Прыгали. Бегали. Махали ногами. Сталкивались головами. Барабанщик Пит Бест плохо держал ритм, и поэтому Леннон и Маккартни все время задавали ритм себе и рок-н-роллу, стуча ногами по полу. В конце концов они проломили пол (правда, это было уже в другом клубе, в Kaiserkeller). Да, давай шоу, потому что трём забулдыгам и трем проституткам скучно смотреть на пятерых стоящих столбом музыкантов, и поэтому Леннон прикладывал расческу к верхней губе, что должно было изображать гитлеровские усики, и приветствовал немцев как старых нацистов. Все ржали. А Стюарт Сатклифф нежнейшим голосом пел им Love Me Tender.

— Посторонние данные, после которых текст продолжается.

lemma T1_eq:
  assumes "dparam s e u \<noteq> 0"
  shows "T1 s e f g u v = g u / dparam s e u"
proof -
  have "T1 s e f g u v = g u * ((dparam s e u)\<^sup>2 + v\<^sup>2) / (dparam s e u * (wfun s e u v)\<^sup>2)"
    unfolding T1_def DERIV_imp_deriv[OF qfun_has_real_derivative_v[OF assms]] qfun_def
    using assms wfun_pos[OF assms, of v]
    by (simp add: field_simps power3_eq_cube power2_eq_square)
  then show ?thesis
    using wfun_pos[OF assms, of v] by (simp add: wfun_squared[symmetric])
qed

lemma T2_eq:
  fixes s e :: "real \<Rightarrow> real^3" and f g :: "real \<Rightarrow> real" and u :: real
  defines "D \<equiv> dparam s e u"
  assumes skew: "dparam s e u \<noteq> 0" and derivs: "(dparam s e has_real_derivative D') (at u)"
    "(f has_real_derivative F') (at u)" "(g has_real_derivative G') (at u)"
  shows "T2 s e f g u v = (F' / D - D' * f u / (2 * D\<^sup>2) + g u * kappa e u - g u * lambda_inv s e u)
      + (G' / D + g u * D' / (2 * D\<^sup>2)) * v + (g u * kappa e u / D\<^sup>2) * v\<^sup>2"
proof -
  have D: "D \<noteq> 0" unfolding D_def by (rule skew)
  define W where "W = wfun s e u v"
  have W: "0 < W" "W\<^sup>2 = D\<^sup>2 + v\<^sup>2"
    unfolding W_def D_def using wfun_pos[OF skew] wfun_squared by auto
  let ?A = "F' + G' * v" and ?B = "f u + g u * v"
  let ?R = "g u * (kappa e u * W\<^sup>2 + D' * v - D\<^sup>2 * lambda_inv s e u) / D\<^sup>2"
  have "T2 s e f g u v = (2 * D * W\<^sup>2 * (?A / W - ?B * D * D' / W ^ 3)
      + D' * (?B / W) * (D\<^sup>2 - v\<^sup>2)) / (2 * D\<^sup>2 * W) + ?R"
    unfolding T2_def Let_def DERIV_imp_deriv[OF qfun_has_real_derivative_u[OF skew derivs]]
      DERIV_imp_deriv[OF derivs(1)] T1_eq[OF skew]
    by (simp add: W_def D_def qfun_def power2_eq_square)
  also have "\<dots> = ?A / D - D' * ?B * (D\<^sup>2 + v\<^sup>2) / (2 * D\<^sup>2 * W\<^sup>2) + ?R"
    using W(1) D by (simp add: field_simps power3_eq_cube power2_eq_square)
  also have "\<dots> = ?A / D - D' * ?B / (2 * D\<^sup>2) + ?R"
    using W D by simp
  also have "\<dots> = (F' / D - D' * f u / (2 * D\<^sup>2) + g u * kappa e u - g u * lambda_inv s e u)
      + (G' / D + g u * D' / (2 * D\<^sup>2)) * v + (g u * kappa e u / D\<^sup>2) * v\<^sup>2"
    unfolding W(2) using D by (simp add: field_simps power2_eq_square)
  finally show ?thesis .
qed

lemma divI_T_cubic:
  fixes s e :: "real \<Rightarrow> real^3" and f g :: "real \<Rightarrow> real" and u :: real
  defines "D \<equiv> dparam s e u"
  assumes "open S" "u \<in> S" and skew: "\<forall>x\<in>S. dparam s e x \<noteq> 0"
    and derivs: "(dparam s e has_real_derivative D') (at u)"
    "(f has_real_derivative F') (at u)" "(g has_real_derivative G') (at u)"
  shows "(wfun s e u v)\<^sup>2 * divI_T s e f g u v =
      (2 * D * G' + g u * D' / 2)
    + (F' / D - D' * f u / (2 * D\<^sup>2) + 3 * g u * kappa e u - g u * lambda_inv s e u) * v
    + (3 * G' / D) * v\<^sup>2 + (3 * g u * kappa e u / D\<^sup>2) * v ^ 3"
proof -
  have skew_u: "dparam s e u \<noteq> 0" using skew \<open>u \<in> S\<close> by blast
  then have D: "D \<noteq> 0" unfolding D_def .
  define W where "W = wfun s e u v"
  have W: "0 < W" "W\<^sup>2 = D\<^sup>2 + v\<^sup>2"
    unfolding W_def D_def using wfun_pos[OF skew_u] wfun_squared by auto
  let ?b0 = "F' / D - D' * f u / (2 * D\<^sup>2) + g u * kappa e u - g u * lambda_inv s e u"
  let ?b1 = "G' / D + g u * D' / (2 * D\<^sup>2)" and ?b2 = "g u * kappa e u / D\<^sup>2"
  have "((\<lambda>x. wfun s e x v * (g x / dparam s e x)) has_real_derivative
      D * D' / W * (g u / D) + W * ((G' * D - g u * D') / D\<^sup>2)) (at u)"
    unfolding W_def D_def
    by (rule derivative_eq_intros wfun_has_real_derivative_u derivs skew_u refl)+
      (simp add: power2_eq_square)
  then have wT1: "((\<lambda>x. wfun s e x v * T1 s e f g x v) has_real_derivative
      D * D' / W * (g u / D) + W * ((G' * D - g u * D') / D\<^sup>2)) (at u)"
    by (rule has_field_derivative_transform_within_open[OF _ \<open>open S\<close> \<open>u \<in> S\<close>])
      (simp add: T1_eq skew)
  have "((\<lambda>y. wfun s e u y * (?b0 + ?b1 * y + ?b2 * y\<^sup>2)) has_real_derivative
      v / W * (?b0 + ?b1 * v + ?b2 * v\<^sup>2) + W * (?b1 + 2 * ?b2 * v)) (at v)"
    unfolding W_def
    by (rule derivative_eq_intros wfun_has_real_derivative_v skew_u refl)+ simp
  then have wT2: "((\<lambda>y. wfun s e u y * T2 s e f g u y) has_real_derivative
      v / W * (?b0 + ?b1 * v + ?b2 * v\<^sup>2) + W * (?b1 + 2 * ?b2 * v)) (at v)"
    by (simp add: T2_eq[OF skew_u derivs, folded D_def])
  have "W\<^sup>2 * divI_T s e f g u v = D' * g u + W\<^sup>2 * ((G' * D - g u * D') / D\<^sup>2)
      + v * (?b0 + ?b1 * v + ?b2 * v\<^sup>2) + W\<^sup>2 * (?b1 + 2 * ?b2 * v)"
    unfolding divI_T_def DERIV_imp_deriv[OF wT1] DERIV_imp_deriv[OF wT2] W_def[symmetric]
    using W(1) D by (simp add: field_simps power2_eq_square)
  also have "\<dots> = (2 * D * G' + g u * D' / 2)
    + (F' / D - D' * f u / (2 * D\<^sup>2) + 3 * g u * kappa e u - g u * lambda_inv s e u) * v
    + (3 * G' / D) * v\<^sup>2 + (3 * g u * kappa e u / D\<^sup>2) * v ^ 3"
    unfolding W(2) using D by (simp add: field_simps power2_eq_square power3_eq_cube)
  finally show ?thesis unfolding W_def .
qed

lemma cubic_coeffs_eq_0_if_roots_infinite:
  fixes a0 a1 a2 a3 :: real
  assumes "infinite S" "\<forall>v\<in>S. a0 + a1 * v + a2 * v\<^sup>2 + a3 * v ^ 3 = 0"
  shows "a0 = 0 \<and> a1 = 0 \<and> a2 = 0 \<and> a3 = 0"
proof -
  have "poly [:a0, a1, a2, a3:] v = a0 + a1 * v + a2 * v\<^sup>2 + a3 * v ^ 3" for v
    by (simp add: algebra_simps power2_eq_square power3_eq_cube)
  with assms(2) have "S \<subseteq> {v. poly [:a0, a1, a2, a3:] v = 0}" by auto
  with assms(1) have "[:a0, a1, a2, a3:] = 0"
    using poly_roots_finite finite_subset by blast
  then show ?thesis by simp
qed

text \<open>The coefficients of the cubic in \<open>divI_T_cubic\<close>, the last two stripped of their nonzero
  factors \<open>3/\<delta>\<close> and \<open>3/\<delta>\<^sup>2\<close>.\<close>
definition div_coeffs_vanish ::
    "(real \<Rightarrow> real) \<Rightarrow> (real \<Rightarrow> real) \<Rightarrow> (real \<Rightarrow> real) \<Rightarrow> (real \<Rightarrow> real) \<Rightarrow> (real \<Rightarrow> real) \<Rightarrow> real \<Rightarrow> bool"
  where "div_coeffs_vanish \<delta> f g \<kappa> lam u \<longleftrightarrow>
    2 * \<delta> u * deriv g u + g u * deriv \<delta> u / 2 = 0 \<and>
    deriv f u / \<delta> u - deriv \<delta> u * f u / (2 * (\<delta> u)\<^sup>2) + 3 * g u * \<kappa> u - g u * lam u = 0 \<and>
    deriv g u = 0 \<and> g u * \<kappa> u = 0"

lemma divI_T_vanishes_iff:
  assumes "open S" "u \<in> S" "\<forall>x\<in>S. dparam s e x \<noteq> 0" "infinite J"
    "dparam s e differentiable (at u)" "f differentiable (at u)" "g differentiable (at u)"
  shows "(\<forall>v\<in>J. divI_T s e f g u v = 0) \<longleftrightarrow>
    div_coeffs_vanish (dparam s e) f g (kappa e) (lambda_inv s e) u"
proof -
  let ?D = "dparam s e u"
  let ?a0 = "2 * ?D * deriv g u + g u * deriv (dparam s e) u / 2"
  let ?a1 = "deriv f u / ?D - deriv (dparam s e) u * f u / (2 * ?D\<^sup>2)
    + 3 * g u * kappa e u - g u * lambda_inv s e u"
  let ?a2 = "3 * deriv g u / ?D" and ?a3 = "3 * g u * kappa e u / ?D\<^sup>2"
  have D: "?D \<noteq> 0" using assms by auto
  have cubic: "(wfun s e u v)\<^sup>2 * divI_T s e f g u v = ?a0 + ?a1 * v + ?a2 * v\<^sup>2 + ?a3 * v ^ 3" for v
    using assms(5-7) unfolding DERIV_deriv_iff_real_differentiable[symmetric]
    by (rule divI_T_cubic[OF assms(1-3)])
  have "divI_T s e f g u v = 0 \<longleftrightarrow> ?a0 + ?a1 * v + ?a2 * v\<^sup>2 + ?a3 * v ^ 3 = 0" for v
    unfolding cubic[symmetric] using wfun_pos[OF D, of v] by simp
  then have "(\<forall>v\<in>J. divI_T s e f g u v = 0) \<longleftrightarrow>
      (\<forall>v\<in>J. ?a0 + ?a1 * v + ?a2 * v\<^sup>2 + ?a3 * v ^ 3 = 0)"
    by blast
  also have "\<dots> \<longleftrightarrow> ?a0 = 0 \<and> ?a1 = 0 \<and> ?a2 = 0 \<and> ?a3 = 0"
  proof
    assume "?a0 = 0 \<and> ?a1 = 0 \<and> ?a2 = 0 \<and> ?a3 = 0"
    then show "\<forall>v\<in>J. ?a0 + ?a1 * v + ?a2 * v\<^sup>2 + ?a3 * v ^ 3 = 0"
      by (simp only:) simp
  qed (rule cubic_coeffs_eq_0_if_roots_infinite[OF assms(4)])
  also have "\<dots> \<longleftrightarrow> div_coeffs_vanish (dparam s e) f g (kappa e) (lambda_inv s e) u"
    using D by (simp add: div_coeffs_vanish_def)
  finally show ?thesis .
qed

lemma div_coeffs_vanish_on_interval_imp:
  fixes \<delta> f g \<kappa> lam :: "real \<Rightarrow> real" and a b u0 :: real
  defines "I \<equiv> {a<..<b}"
  assumes "a < b" and diff: "\<forall>u\<in>I. \<delta> differentiable (at u) \<and> f differentiable (at u) \<and> g differentiable (at u)"
    and \<delta>_nz: "\<forall>u\<in>I. \<delta> u \<noteq> 0" and coeffs: "\<forall>u\<in>I. div_coeffs_vanish \<delta> f g \<kappa> lam u"
    and u0: "u0 \<in> I" "g u0 \<noteq> 0" and "u \<in> I"
  shows "\<kappa> u = 0 \<and> \<delta> u = \<delta> u0 \<and> g u = g u0 \<and> (f has_real_derivative g u0 * \<delta> u0 * lam u) (at u)"
proof -
  have coeffs_at: "div_coeffs_vanish \<delta> f g \<kappa> lam x" if "x \<in> I" for x
    using coeffs that by blast
  have derivs: "(\<delta> has_real_derivative deriv \<delta> x) (at x)" "(f has_real_derivative deriv f x) (at x)"
    "(g has_real_derivative deriv g x) (at x)" if "x \<in> I" for x
    using diff that DERIV_deriv_iff_real_differentiable by blast+
  have const: "h x = h u0" if "\<And>y. y \<in> I \<Longrightarrow> (h has_real_derivative 0) (at y)" "x \<in> I"
    for h :: "real \<Rightarrow> real" and x
    using DERIV_isconst3[OF \<open>a < b\<close>] that u0(1) unfolding I_def by blast
  have g: "g x = g u0" if "x \<in> I" for x
    using derivs(3) coeffs_at by (intro const[OF _ that]) (simp add: div_coeffs_vanish_def)
  have \<delta>': "deriv \<delta> x = 0" if "x \<in> I" for x
    using coeffs_at[OF that] g[OF that] u0(2) by (auto simp: div_coeffs_vanish_def)
  have \<delta>: "\<delta> u = \<delta> u0"
    using derivs(1) \<delta>' by (intro const[OF _ \<open>u \<in> I\<close>]) simp
  have \<kappa>: "\<kappa> u = 0"
    using coeffs_at[OF \<open>u \<in> I\<close>] g[OF \<open>u \<in> I\<close>] u0(2) by (simp add: div_coeffs_vanish_def)
  have "deriv f u / \<delta> u0 - g u0 * lam u = 0"
    using coeffs_at[OF \<open>u \<in> I\<close>] g[OF \<open>u \<in> I\<close>] \<kappa> \<delta>'[OF \<open>u \<in> I\<close>] \<delta>
    by (simp add: div_coeffs_vanish_def)
  then have "deriv f u = g u0 * \<delta> u0 * lam u"
    using \<delta>_nz u0(1) by (simp add: field_simps)
  with derivs(2)[OF \<open>u \<in> I\<close>] \<kappa> \<delta> g[OF \<open>u \<in> I\<close>] show ?thesis
    by simp
qed

lemma div_coeffs_vanish_on_interval_iff:
  fixes \<delta> f g \<kappa> lam :: "real \<Rightarrow> real" and a b :: real
  defines "I \<equiv> {a<..<b}"
  assumes "a < b" and diff: "\<forall>u\<in>I. \<delta> differentiable (at u) \<and> f differentiable (at u) \<and> g differentiable (at u)"
    and \<delta>_nz: "\<forall>u\<in>I. \<delta> u \<noteq> 0" and g_nz: "\<exists>u\<in>I. g u \<noteq> 0"
  shows "(\<forall>u\<in>I. div_coeffs_vanish \<delta> f g \<kappa> lam u) \<longleftrightarrow>
         ((\<forall>u\<in>I. \<kappa> u = 0) \<and>
          (\<exists>c1 c2 c3 \<Lambda>. c1 \<noteq> 0 \<and> c2 \<noteq> 0 \<and>
             (\<forall>u\<in>I. \<delta> u = c2) \<and> (\<forall>u\<in>I. g u = c1) \<and>
             (\<forall>u\<in>I. (\<Lambda> has_real_derivative lam u) (at u)) \<and>
             (\<forall>u\<in>I. f u = c1 * c2 * \<Lambda> u + c3)))"
proof
  assume coeffs: "\<forall>u\<in>I. div_coeffs_vanish \<delta> f g \<kappa> lam u"
  obtain u0 where u0: "u0 \<in> I" "g u0 \<noteq> 0" using g_nz by blast
  define c where "c = g u0 * \<delta> u0"
  have "c \<noteq> 0" using u0 \<delta>_nz unfolding c_def by simp
  note solution = div_coeffs_vanish_on_interval_imp[OF \<open>a < b\<close>, folded I_def, OF diff \<delta>_nz coeffs u0]
  have "((\<lambda>x. f x / c) has_real_derivative lam u) (at u)" if "u \<in> I" for u
  proof -
    have "(f has_real_derivative c * lam u) (at u)"
      using solution[OF that] unfolding c_def by blast
    from DERIV_cdivide[OF this, of c] show ?thesis
      using \<open>c \<noteq> 0\<close> by simp
  qed
  moreover have "f u = g u0 * \<delta> u0 * (f u / c) + 0" for u
    using \<open>c \<noteq> 0\<close> unfolding c_def by simp
  ultimately show "(\<forall>u\<in>I. \<kappa> u = 0) \<and> (\<exists>c1 c2 c3 \<Lambda>. c1 \<noteq> 0 \<and> c2 \<noteq> 0 \<and>
      (\<forall>u\<in>I. \<delta> u = c2) \<and> (\<forall>u\<in>I. g u = c1) \<and>
      (\<forall>u\<in>I. (\<Lambda> has_real_derivative lam u) (at u)) \<and> (\<forall>u\<in>I. f u = c1 * c2 * \<Lambda> u + c3))"
    using solution u0 \<delta>_nz by blast
next
  assume "(\<forall>u\<in>I. \<kappa> u = 0) \<and> (\<exists>c1 c2 c3 \<Lambda>. c1 \<noteq> 0 \<and> c2 \<noteq> 0 \<and>
      (\<forall>u\<in>I. \<delta> u = c2) \<and> (\<forall>u\<in>I. g u = c1) \<and>
      (\<forall>u\<in>I. (\<Lambda> has_real_derivative lam u) (at u)) \<and> (\<forall>u\<in>I. f u = c1 * c2 * \<Lambda> u + c3))"
  then obtain c1 c2 c3 \<Lambda> where \<kappa>: "\<forall>u\<in>I. \<kappa> u = 0" and c2: "c2 \<noteq> 0"
    and \<delta>: "\<forall>u\<in>I. \<delta> u = c2" and g: "\<forall>u\<in>I. g u = c1"
    and \<Lambda>: "\<forall>u\<in>I. (\<Lambda> has_real_derivative lam u) (at u)"
    and f: "\<forall>u\<in>I. f u = c1 * c2 * \<Lambda> u + c3" by blast
  show "\<forall>u\<in>I. div_coeffs_vanish \<delta> f g \<kappa> lam u"
  proof
    fix u assume "u \<in> I"
    then have near: "\<forall>\<^sub>F x in nhds u. x \<in> I"
      unfolding I_def by (intro eventually_nhds_in_open) auto
    have "deriv \<delta> u = deriv (\<lambda>_. c2) u" "deriv g u = deriv (\<lambda>_. c1) u"
      "deriv f u = deriv (\<lambda>x. c1 * c2 * \<Lambda> x + c3) u"
      by (rule deriv_cong_ev[OF eventually_mono[OF near]]; use \<delta> g f in auto)+
    moreover have "deriv (\<lambda>x. c1 * c2 * \<Lambda> x + c3) u = c1 * c2 * lam u"
      using \<Lambda> \<open>u \<in> I\<close> by (auto intro!: DERIV_imp_deriv derivative_eq_intros)
    ultimately show "div_coeffs_vanish \<delta> f g \<kappa> lam u"
      using \<kappa> \<delta> g c2 \<open>u \<in> I\<close> by (simp add: div_coeffs_vanish_def)
  qed
qed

Это было погружение на дно — на сияющее огнями, продуваемое ветром с моря, туманное, ночное, пьяное дно Гамбурга. Харрисон потом говорил, что «там были бандиты, трансвеститы и проститутки». Владелец клуба Бруно Кошмидер был хромой тип, утверждавший, что был ранен на войне, но на самом деле он был гимнастом в цирке и сорвался с трапеции. Вышибала Хорст Фишер был бывшим боксером, вполне добродушным. Но мог и врезать. Усилитель у The Beatles был ворованный, они спёрли его в Художественной школе в Ливерпуле. В Германии они выступали нелегально, у них не было разрешения на работу. Они играли без выходных, семь дней в неделю, шесть часов в день, первый сет начинался в 8.30 утра, последний в час ночи. В такой игре они к концу дня доходили до одурения. Жили они в кинотеатре по соседству, в комнате рядом с женским туалетом. В комнате не было ничего, ни кроватей, ни стульев, зато было дико холодно и отлично слышно, как писают немки.
Поэтому, утром выходя на сцену в Indra, ещё смурные, невыспавшиеся (спать не давал звук первого утреннего сеанса), в чёрных куртках, а Сатклифф ещё и в чёрных очках, они прежде всего выдавали Johnny B. Goode Чака Берри — лучший способ проснуться, взбодриться, поднять уровень адреналина в крови и ощутить жизнь как приключение. Пятеро молодых недоучек, кожаные куртки, гитары, ночь как время жизни, день как время счастья, и все это в чужом волнующем городе — что может быть лучше? Лучше может быть рок-н-ролл, и они его делали — громкий, грязный, шершавый, разлетавшийся небрежными клочьями гармоний, стучавший пивными бутылками о столы, гремевший подошвами о доски, заходившийся в экстазе звук.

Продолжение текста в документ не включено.